Reproduce only the lines from the line containing "enat) \<Rightarrow> 'v" to the end of the entries below, including both of those lines.

START Source material

(* For every $k\in\mathbb{N}$, every $v\in V^X$ and every $i\in\Pi$: if $\sup\{\mathrm{Cost}_i(\rho)\mid\rho\in\Lambda^k(v)\}=+\infty$, then there exists a play $\rho\in\Lambda^k(v)$ with $\mathrm{Cost}_i(\rho)=+\infty$.
   Context: Let $\mathcal{G}$ be a quantitative reachability game on an arena $G=(\Pi,V,(V_i)_{i\in\Pi},E)$ (finite player set $\Pi$, finite vertex set $V$ with $|V|\ge2$, $|\Pi|\le|V|$, partition $(V_i)$, every vertex has a successor) with targets $F_i\subseteq V$ and costs $\mathrm{Cost}_i(\rho)=$ least $k$ with $\rho_k\in F_i$ (or $+\infty$); let $v_0\in V$. Extended game: arena $X$ with vertices $V^X=V\times2^\Pi$, edges $((v,I),(v',I'))\in E^X$ iff $(v,v')\in E$ and $I'=I\cup\{i:v'\in F_i\}$, $(v,I)\in V^X_i$ iff $v\in V_i$, targets $F^X_i=\{(v,I):i\in I\}$ with corresponding reachability costs $\mathrm{Cost}_i$; $x_0=(v_0,\{i:v_0\in F_i\})$. $I(u)$ is the second component of $u$. $\mathcal{I}$ is the set of $I$ such that some $(v,I)$ is reachable from $x_0$, $N=|\mathcal{I}|$, and $J_1<\dots<J_N$ is a fixed total order of $\mathcal{I}$ extending the partial order $I<I'$ iff $I\ne I'$ and some $(v',I')$ is reachable from some $(v,I)$. $V^{\ge J_n}=\{(v,J_m):v\in V,m\ge n\}$. Labelings: for $\lambda:V^X\to\mathbb{N}\cup\{+\infty\}$, a play $\rho$ of $X$ is $\lambda$-consistent if $\mathrm{Cost}_i(\rho_{\ge n})\le\lambda(\rho_n)$ for all $n$ and $i$ with $\rho_n\in V^X_i$. $\lambda^0(u)=0$ if $u\in V^X_i$ and $i\in I(u)$, else $+\infty$. The update of $\lambda^k$ w.r.t. $V^{\ge J_n}$ keeps values outside $V^{\ge J_n}$ and, for $u\in V^{\ge J_n}\cap V^X_i$, sets $\lambda^{k+1}(u)=0$ if $i\in I(u)$, otherwise $1+\min_{(u,u')\in E^X}\sup\{\mathrm{Cost}_i(\rho):\rho\in\Lambda^k(u')\}$ ($1+(+\infty)=+\infty$). The sequence $(\lambda^k)$ is generated by $n_0=N$, $\lambda^{k+1}=$ update of $\lambda^k$ w.r.t. $V^{\ge J_{n_k}}$, $n_{k+1}=n_k-1$ if $\lambda^{k+1}=\lambda^k$ and $n_k>1$, else $n_{k+1}=n_k$. $\Lambda^k(v)$ denotes the set of $\lambda^k$-consistent plays of $X$ starting at $v$. *)

theory Defs
  imports Main "HOL-Library.Extended_Nat"
begin

text \<open>Arena: players Pi, vertices V, ownership function owner (encoding the partition
  (V_i)), edges E, targets F. The extended game X has vertex set V x 2^Pi.\<close>

definition VX :: "'p set \<Rightarrow> 'v set \<Rightarrow> ('v \<times> 'p set) set" where
  "VX Pi V = V \<times> Pow Pi"

definition EdgX :: "'p set \<Rightarrow> ('v \<times> 'v) set \<Rightarrow> ('p \<Rightarrow> 'v set)
    \<Rightarrow> (('v \<times> 'p set) \<times> ('v \<times> 'p set)) set" where
  "EdgX Pi E F = {((v, I), (v', I')). (v, v') \<in> E \<and> I \<subseteq> Pi \<and> I' = I \<union> {i \<in> Pi. v' \<in> F i}}"

definition x0 :: "'p set \<Rightarrow> ('p \<Rightarrow> 'v set) \<Rightarrow> 'v \<Rightarrow> 'v \<times> 'p set" where
  "x0 Pi F v0 = (v0, {i \<in> Pi. v0 \<in> F i})"

definition xplay :: "'p set \<Rightarrow> 'v set \<Rightarrow> ('v \<times> 'v) set \<Rightarrow> ('p \<Rightarrow> 'v set)
    \<Rightarrow> (nat \<Rightarrow> 'v \<times> 'p set) \<Rightarrow> bool" where
  "xplay Pi V E F \<rho> \<longleftrightarrow> \<rho> 0 \<in> VX Pi V \<and> (\<forall>n. (\<rho> n, \<rho> (Suc n)) \<in> EdgX Pi E F)"

text \<open>Reachability cost for target F^X_i = {(v,I). i \<in> I}.\<close>
definition costX :: "'p \<Rightarrow> (nat \<Rightarrow> 'v \<times> 'p set) \<Rightarrow> enat" where
  "costX i \<rho> = (if \<exists>k. i \<in> snd (\<rho> k) then enat (LEAST k. i \<in> snd (\<rho> k)) else \<infinity>)"

definition consistent :: "('v \<Rightarrow> 'p) \<Rightarrow> ('v \<times> 'p set \<Rightarrow> enat) \<Rightarrow> (nat \<Rightarrow> 'v \<times> 'p set) \<Rightarrow> bool" where
  "consistent owner lam \<rho> \<longleftrightarrow> (\<forall>n. costX (owner (fst (\<rho> n))) (\<lambda>m. \<rho> (n + m)) \<le> lam (\<rho> n))"

definition Lambda :: "'p set \<Rightarrow> 'v set \<Rightarrow> ('v \<times> 'v) set \<Rightarrow> ('p \<Rightarrow> 'v set) \<Rightarrow> ('v \<Rightarrow> 'p)
    \<Rightarrow> ('v \<times> 'p set \<Rightarrow> enat) \<Rightarrow> 'v \<times> 'p set \<Rightarrow> (nat \<Rightarrow> 'v \<times> 'p set) set" where
  "Lambda Pi V E F owner lam u = {\<rho>. xplay Pi V E F \<rho> \<and> \<rho> 0 = u \<and> consistent owner lam \<rho>}"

END Source material

§ **Output for this exercise**:
    \<Rightarrow> ('v \<times> 'p set \<Rightarrow> enat) \<Rightarrow> 'v \<times> 'p set \<Rightarrow> (nat \<Rightarrow> 'v \<times> 'p set) set" where
  "Lambda Pi V E F owner lam u = {\<rho>. xplay Pi V E F \<rho> \<and> \<rho> 0 = u \<and> consistent owner lam \<rho>}"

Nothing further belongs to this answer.